The goal of mediation analysis is to disentangle these three effects.

This post is my attempt to manually code a Bayesian mediation analysis. There are packages that do it for you but I could not find one to fit my use case: mediation analysis using a Bayesian logistic regression model and a Bayesian linear regression. So, let’s see if I can do it on my own!

There are a couple different ways to do mediation analysis. This post implements the algorithm explained in the following two papers from Imai et al.

  1. Unpacking the Black Box of Causality: Learning about Causal Mechanisms from Experimental and Observational Studies
  2. A General Approach to Causal Mediation Analysis

The appeal of this method is its flexibility. Other methods require models of the same type; for example two Guassian linear models. The method of Imai et al., however, can take any two models as long as they produce predictions. For example, a Guassian linear model and random forest could be used if that’s what your heart desires. This flexibility becomes required if the mediation analysis requires a continuous predictor in one model and a categorical predictor in another. In such a case, you can use a Guassian linear regression and logistic regression. Other methods don’t mix and match so easily.

This post’s wrinkle is that we’re running Bayesian models through the algorithm.

Note: As we’ll see at the end, my results appear a bit off, so I’d advise against blindly following my technique. But, thinking through the issues allowed me to better understand mediation analysis. I hope this post also helps readers deepen their understanding of mediation analysis as well.

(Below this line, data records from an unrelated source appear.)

lemma mul_norm4_odd:
  fixes p r :: int
  assumes "odd p" "odd r" and mul: "mul_norm4 (p, r) = (u, w)"
  shows "odd u \<and> odd w \<and> u\<^sup>2 + 15*w\<^sup>2 = 4 * (p\<^sup>2 + 15*r\<^sup>2) \<and> div_norm4 (u, w) = (p, r)"
proof (cases "4 dvd p - r")
  case True
  then obtain j where j: "p = r + 4*j" by (metis dvd_def diff_eq_eq add.commute)
  then have uw: "u = 7*r - 2*j" "w = - r - 2*j" using mul unfolding mul_norm4_def by auto
  moreover have "(u - w) mod 16 = 8" unfolding uw using assms(2) by presburger
  ultimately show ?thesis using assms(2) unfolding uw j div_norm4_def
    by (simp add: power2_eq_square algebra_simps)
next
  case False
  have "\<exists>j. p = r + 4*j + 2" using False assms(1,2) by presburger
  then obtain j where j: "p = r + 4*j + 2" ..
  then have uw: "u = 8*r + 2*j + 1" "w = - 2*j - 1" using mul False unfolding mul_norm4_def by auto
  moreover have "(u - w) mod 16 \<noteq> 8" unfolding uw using assms(2) by presburger
  ultimately show ?thesis unfolding uw j div_norm4_def
    by (simp add: power2_eq_square algebra_simps)
qed

lemma div_norm4_odd:
  fixes u w :: int
  assumes "odd w" and res: "(u - w) mod 16 = 8 \<or> (u + w) mod 16 = 8" and div: "div_norm4 (u, w) = (p, r)"
  shows "odd p \<and> odd r \<and> mul_norm4 (p, r) = (u, w)"
proof (cases "(u - w) mod 16 = 8")
  case True
  then have "\<exists>q. u = w + 16*q + 8" by presburger
  then obtain q where q: "u = w + 16*q + 8" ..
  then have pr: "p = - 2*(q + w) - 1" "r = 2*q + 1" using div True unfolding div_norm4_def by auto
  have "4 dvd p - r" unfolding pr using \<open>odd w\<close> by presburger
  then show ?thesis unfolding pr q mul_norm4_def by simp
next
  case False
  then have "\<exists>q. u = 16*q + 8 - w" using res by presburger
  then obtain q where q: "u = 16*q + 8 - w" ..
  then have pr: "p = 2*(q - w) + 1" "r = 2*q + 1" using div False unfolding div_norm4_def by auto
  have "\<not> 4 dvd p - r" unfolding pr using \<open>odd w\<close> by presburger
  then show ?thesis unfolding pr q mul_norm4_def by simp
qed

lemma quartered_pairs_eqpoll:
  fixes P :: "int \<Rightarrow> bool"
  assumes "\<And>u w. odd u \<Longrightarrow> odd w \<Longrightarrow> P (u\<^sup>2 + 15*w\<^sup>2) \<Longrightarrow> 32 dvd u\<^sup>2 + 15*w\<^sup>2"
  shows "{(u, w). odd u \<and> odd w \<and> P (u\<^sup>2 + 15*w\<^sup>2)} \<approx> {(p, r). odd p \<and> odd r \<and> P (4 * (p\<^sup>2 + 15*r\<^sup>2))}"
    (is "?A \<approx> ?B")
proof -
  have up: "mul_norm4 x \<in> ?A \<and> div_norm4 (mul_norm4 x) = x" if B: "x \<in> ?B" for x
  proof -
    obtain p r where x: "x = (p, r)" "odd p" "odd r" "P (4 * (p\<^sup>2 + 15*r\<^sup>2))" using B by blast
    obtain u w where uw: "mul_norm4 (p, r) = (u, w)" by (cases "mul_norm4 (p, r)")
    show ?thesis using mul_norm4_odd[OF x(2,3) uw] x(4) unfolding x(1) uw by simp
  qed
  have down: "div_norm4 y \<in> ?B \<and> mul_norm4 (div_norm4 y) = y" if A: "y \<in> ?A" for y
  proof -
    obtain u w where y: "y = (u, w)" "odd u" "odd w" "P (u\<^sup>2 + 15*w\<^sup>2)" using A by blast
    obtain p r where pr: "div_norm4 (u, w) = (p, r)" by (cases "div_norm4 (u, w)")
    then have "odd p \<and> odd r \<and> mul_norm4 (p, r) = (u, w)"
      using div_norm4_odd[OF y(3) odd_norm15_mod32(1)[OF y(2,3) assms[OF y(2-4)]]] by simp
    then show ?thesis using mul_norm4_odd[of p r u w] y(4) unfolding y(1) pr by simp
  qed
  have "?B \<approx> ?A" by (rule eqpoll_byWitness[OF up down])
  then show ?thesis by (rule eqpoll_sym)
qed
theorem lemma2:
  shows "\<exists>(C :: nat \<Rightarrow> gate list) (m :: nat \<Rightarrow> nat) (d :: nat) (c :: nat).
           \<forall>n\<ge>1. implements_OR n (m n) (C n) \<and> circuit_depth (C n) \<le> d \<and>
                  circuit_size (C n) \<le> c * n * 2 ^ n"
proof (intro exI allI impI conjI)
  fix n :: nat
  assume "n \<ge> 1"
  show "implements_OR n (or_width n) (or_circuit n)"
    using or_circuit_wf apply_or_circuit_ket by (auto simp: implements_OR_def or_width_def)
  show "circuit_depth (or_circuit n) \<le> 24"
    by (rule or_circuit_depth)
  show "circuit_size (or_circuit n) \<le> 96 * n * 2 ^ n"
    using \<open>n \<ge> 1\<close> by (rule or_circuit_size)
qed

end
lemma dev_prob_snoc:
  assumes "length ys = m"
  shows "dev_prob (Suc m) pp (ys @ [y]) xs = dev_prob m pp ys xs * pp ys (take m xs) y (xs ! m)"
proof -
  have "(\<Prod>j<m. pp (take j (ys @ [y])) (take j xs) ((ys @ [y]) ! j) (xs ! j))
      = (\<Prod>j<m. pp (take j ys) (take j xs) (ys ! j) (xs ! j))"
    by (rule prod.cong) (auto simp: assms nth_append)
  then show ?thesis by (simp add: dev_prob_def assms nth_append)
qed

lemma dev_prob_nonneg:
  assumes "\<forall>p\<in>Q. behavior p" "device_behavior Q n pp" "length as = n" "length xs = n"
  shows "0 \<le> dev_prob n pp as xs"
proof -
  have "behavior (pp (take j as) (take j xs))" if "j < n" for j
    using assms device_behavior_round[OF assms(2-4) that] by blast
  then show ?thesis
    unfolding dev_prob_def by (auto intro: prod_nonneg behavior_nonneg)
qed

lemma sum_dev_prob:
  assumes Q_behaviors: "\<forall>p\<in>Q. behavior p" and dev: "device_behavior Q N pp"
    and "m \<le> N" "m \<le> length xs"
  shows "(\<Sum>as\<in>{as::'a::finite list. length as = m}. dev_prob m pp as (xs::'x::finite list)) = 1"
  using assms(3,4)
proof (induction m)
  case 0
  have "{as::'a list. length as = 0} = {[]}" by auto
  then show ?case by (simp add: dev_prob_def)
next
  case (Suc m)
  have round: "(\<Sum>y\<in>UNIV. pp ys (take m xs) y (xs ! m)) = 1" if "length ys = m" for ys :: "'a list"
    using dev Suc.prems that Q_behaviors by (auto simp: device_behavior_def behavior_def)
  have "(\<Sum>as\<in>{as::'a list. length as = Suc m}. dev_prob (Suc m) pp as xs)
      = (\<Sum>ys\<in>{ys::'a list. length ys = m}. dev_prob m pp ys xs * (\<Sum>y\<in>UNIV. pp ys (take m xs) y (xs ! m)))"
    by (simp add: sum_lists_length_Suc dev_prob_snoc sum_distrib_left)
  also have "\<dots> = (\<Sum>ys\<in>{ys::'a list. length ys = m}. dev_prob m pp ys xs)"
    by (rule sum.cong) (simp_all add: round)
  finally show ?case using Suc by simp
qed

lemma bell_vec_convex_comb:
  "bell_vec f (\<lambda>a x. c * g a x + d * h a x) = c *\<^sub>R bell_vec f g + d *\<^sub>R bell_vec f h"
  by (simp add: bell_vec_def vec_eq_iff algebra_simps sum.distrib sum_distrib_left)

lemma bell_vec_average:
  "bell_vec f (\<lambda>a x. (1 / real m) * (\<Sum>j<m. P j a x)) = (1 / real m) *\<^sub>R (\<Sum>j<m. bell_vec f (P j))"
  by (simp add: bell_vec_def vec_eq_iff sum_component sum_distrib_left sum_distrib_right
      algebra_simps sum.swap[of _ "{..<m}"])

lemma average_Suc_split:
  assumes "0 < m"
  shows "(\<lambda>a x. (1 / real (Suc m)) * (\<Sum>j<Suc m. P j a x))
    = (\<lambda>a x. (real m / real (Suc m)) * ((1 / real m) * (\<Sum>j<m. P j a x))
              + (1 - real m / real (Suc m)) * P m a x)"
proof -
  have "real m / real (Suc m) * (1 / real m * s) = 1 / real (Suc m) * s" for s
    using assms by simp
  moreover have "1 - real m / real (Suc m) = 1 / real (Suc m)"
    by (simp add: field_simps)
  ultimately show ?thesis
    by (simp only: sum.lessThan_Suc distrib_left)
qed
(* Let $K=\{(z_1,z_2)\in\mathbb C^2:|z_1|^2+|z_2|^2\le1\}$ be the closed Euclidean unit ball. Then $\tau^-(K)=1/\sqrt2$, $c(K)=1/\sqrt2$ and $C(K)=1$. Moreover, for every multi-index $\alpha(i)=(N,N)$ with $N\ge1$, one has $\inf\{\|P\|_K:P\in\mathcal P(\alpha(i))\}=2^{-N}$, so that $W_{\infty,\alpha(i)}(K,1)=1$.
   Context: Monomials $z^\alpha=z_1^{\alpha_1}\cdots z_n^{\alpha_n}$, $\alpha\in\mathbb N_0^n$, are enumerated as $e_0=1,e_1,e_2,\dots$ with $e_i=z^{\alpha(i)}$. The enumeration is such that $|\alpha(i)|=\alpha_1+\dots+\alpha_n$ is non-decreasing in $i$. Among multi-indices of equal length it is ordered lexicographically: for $|\alpha|=|\beta|$, $\beta\prec\alpha$ iff for some $l$ one has $\alpha_l<\beta_l$ and $\alpha_k=\beta_k$ for all $k<l$. $\mathcal P(\alpha(i))$ denotes the set of polynomials of the form $e_i+\sum_{j<i}c_je_j$ with $c_j\in\mathbb C$. For compact $K\subset\mathbb C^n$, $\|\cdot\|_K$ denotes the sup norm on $K$. Set $t_i(K)=\inf\{\|P\|_K:P\in\mathcal P(\alpha(i))\}$ and $\tau^-(K)=\liminf_{i\to\infty} t_i(K)^{1/|\alpha(i)|}$. For compact $K\subset\mathbb C^n$, let $V_K(z)=\sup\{u(z): u\text{ plurisubharmonic on }\mathbb C^n,\ u(z)\le\log|z|+O(1),\ u\le0\text{ on }K\}$ and let $V_K^*$ be its upper semicontinuous regularization. With $|z|=(\sum|z_\nu|^2)^{1/2}$ and $\|z\|=\max_\nu|z_\nu|$, define $c(K)=\exp[-\limsup_{z\to\infty}(V_K^*(z)-\log\|z\|)]$ and $C(K)=\exp[-\limsup_{z\to\infty}(V_K^*(z)-\log|z|)]$. For a bounded upper semicontinuous $\widehat w\ge0$ on $K$ whose positivity set is non-pluripolar, the sup-norm Widom factor is $W_{\infty,\alpha(i)}(K,\widehat w)=\inf\{\|\widehat w P\|_K:P\in\mathcal P(\alpha(i))\}/[\tau^-(K)]^{|\alpha(i)|}$; here $\widehat w\equiv1$. *)

theory Defs
  imports "HOL-Analysis.Analysis" "HOL-Library.Liminf_Limsup"
begin

text \<open>Points of C^2 are pairs; the library norm on complex \<times> complex is the Euclidean one
  |z| = sqrt(|z1|^2+|z2|^2).  Multi-indices in N_0^2 are pairs of naturals.\<close>

type_synonym pt = "complex \<times> complex"

definition maxnorm :: "pt \<Rightarrow> real" where
  "maxnorm z = max (cmod (fst z)) (cmod (snd z))"

definition mlen :: "nat \<times> nat \<Rightarrow> nat" where
  "mlen a = fst a + snd a"

definition mi_less :: "nat \<times> nat \<Rightarrow> nat \<times> nat \<Rightarrow> bool" where
  "mi_less b a \<longleftrightarrow> mlen b < mlen a \<or>
     (mlen b = mlen a \<and> (fst a < fst b \<or> (fst a = fst b \<and> snd a < snd b)))"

Let’s get set up with packages and a series of functions that we will repeatedly use.

library(rstanarm)
library(mediation)
library(tidybayes)
library(glue)
library(knitr)
library(ggeffects)
library(knitr)
library(tidyverse)

# stan options
# detect and use max number of cores
options(mc.cores = parallel::detectCores())

# create ggplot theme for this post
post_theme <- theme_minimal() +
  theme(legend.position = 'bottom',
        plot.title = element_text(size = 10),
        axis.title = element_text(size = 10))

theme_set(post_theme)

# set folder to import pictures
dag_folder <- "content/post/2020-11-25-bayesian-mediation-analysis/dag"
relabel_plot_color <- scale_fill_brewer(palette = "Set2", type = "Qual", labels = c(`0`= "Working", `1` = "Not working"))

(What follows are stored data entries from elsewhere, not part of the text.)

lemma smooth_convex_interpolation:
  fixes h :: "'a::real_inner \<Rightarrow> real" and G :: "'a \<Rightarrow> 'a"
  assumes Lp: "Lp > 0"
    and upper: "\<And>x y. h x \<le> h y + G y \<bullet> (x - y) + Lp / 2 * (norm (x - y))\<^sup>2"
    and lower: "\<And>x y. h y + G y \<bullet> (x - y) \<le> h x"
  shows "smooth_convex_interpolating Lp h G"
  unfolding smooth_convex_interpolating_def
proof (intro allI)
  fix x y
  define D where "D = G x - G y"
  \<comment> \<open>compare the lower bound at \<open>y\<close> and the upper bound at \<open>x\<close>, both evaluated at a gradient step from \<open>x\<close>\<close>
  define z where "z = x - (1 / Lp) *\<^sub>R D"
  have "h y + G y \<bullet> (z - y) \<le> h z" by (rule lower)
  also have "h z \<le> h x + G x \<bullet> (z - x) + Lp / 2 * (norm (z - x))\<^sup>2" by (rule upper)
  finally have "h y + G y \<bullet> (x - y) + (1 / Lp) * ((G x - G y) \<bullet> D) - Lp / 2 * (norm D / Lp)\<^sup>2
      \<le> h x"
    unfolding z_def using Lp by (simp add: inner_diff_right inner_diff_left algebra_simps)
  moreover have "(G x - G y) \<bullet> D = (norm D)\<^sup>2"
    unfolding D_def by (simp add: power2_norm_eq_inner)
  then have "(1 / Lp) * ((G x - G y) \<bullet> D) - Lp / 2 * (norm D / Lp)\<^sup>2
      = 1 / (2 * Lp) * (norm D)\<^sup>2"
    using Lp by (simp add: field_simps power2_eq_square)
  ultimately show "h y + G y \<bullet> (x - y) + 1 / (2 * Lp) * (norm (G x - G y))\<^sup>2 \<le> h x"
    unfolding D_def by linarith
qed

posterior_diff <- function(mod, new_df, effect_type) {
  
  # create one column dataframe that is the difference in linear predictions for working and non-working students
  # parameters:
  #   mod: model
  #   new_df: dataframe to create predictions from
  #   effect_type: type of effect (indirect, direct, total)

  mod_post <- posterior_linpred(mod, newdata = new_df, transform = T,
                              seed = 1837, n = 500) %>%
    as.data.frame()
  
  col_split <- ncol(mod_post)/2
  
  mod_diff <- unlist(mod_post[1:col_split] - mod_post[(col_split+1):ncol(mod_post)])
  
  diff <- data.frame(diff = mod_diff,
                     type_effect = effect_type)
  
  return(diff)
}

posterior_diff_plot <- function(post_diff, x_limits, plot_title)  {
  
  # plot posterior distribution of difference in working and no-working predictions
  # parameters:
  #   post_diff: dataframe created from posterior_diff with predicted posterior 
  #     difference between workers and non-workers
  #   x_limits: plot x limits
  #   plot_title: title of plot
  
  ggplot(post_diff, aes(x =diff*100)) +
    stat_halfeye(alpha = .7) +
    scale_x_continuous(limits = x_limits) +
    labs(title = plot_title,
         x = 'Perc. point difference in probability of passing class\nNot working - working',
         y = 'Density',
         fill = NULL)
}

two_group_plot <- function(df, plot_title) {
  
  # plot posterior distribution of both workers and non-workers
  # parameters:
  #   df: dataframe for plotting; will be linear predictions for workers and non-workers
  #   plot_title: title of plot
  
  ggplot(df, aes(x = .value, fill = as.factor(work))) +
    stat_halfeye(alpha = .8) +
    scale_x_continuous(labels = scales::percent_format(accuracy = 1)) +
    relabel_plot_color +
    labs(title = plot_title,
         x = 'Probability of passing class',
         y = 'Density',
         fill = NULL)
}

Untangling the Gordian Effects Knot

We’ll simulate a data set to show the three types of effects outlined in the introduction. The fake data set includes three columns: (1) a 0 or 1 identifying whether the student worked with a 1 representing non-working students, (2) a continuous number showing how many hours the student studied in the given week, and (3) a 0 or 1 signifying whether the student passed the class with a 1 showing that the student passed.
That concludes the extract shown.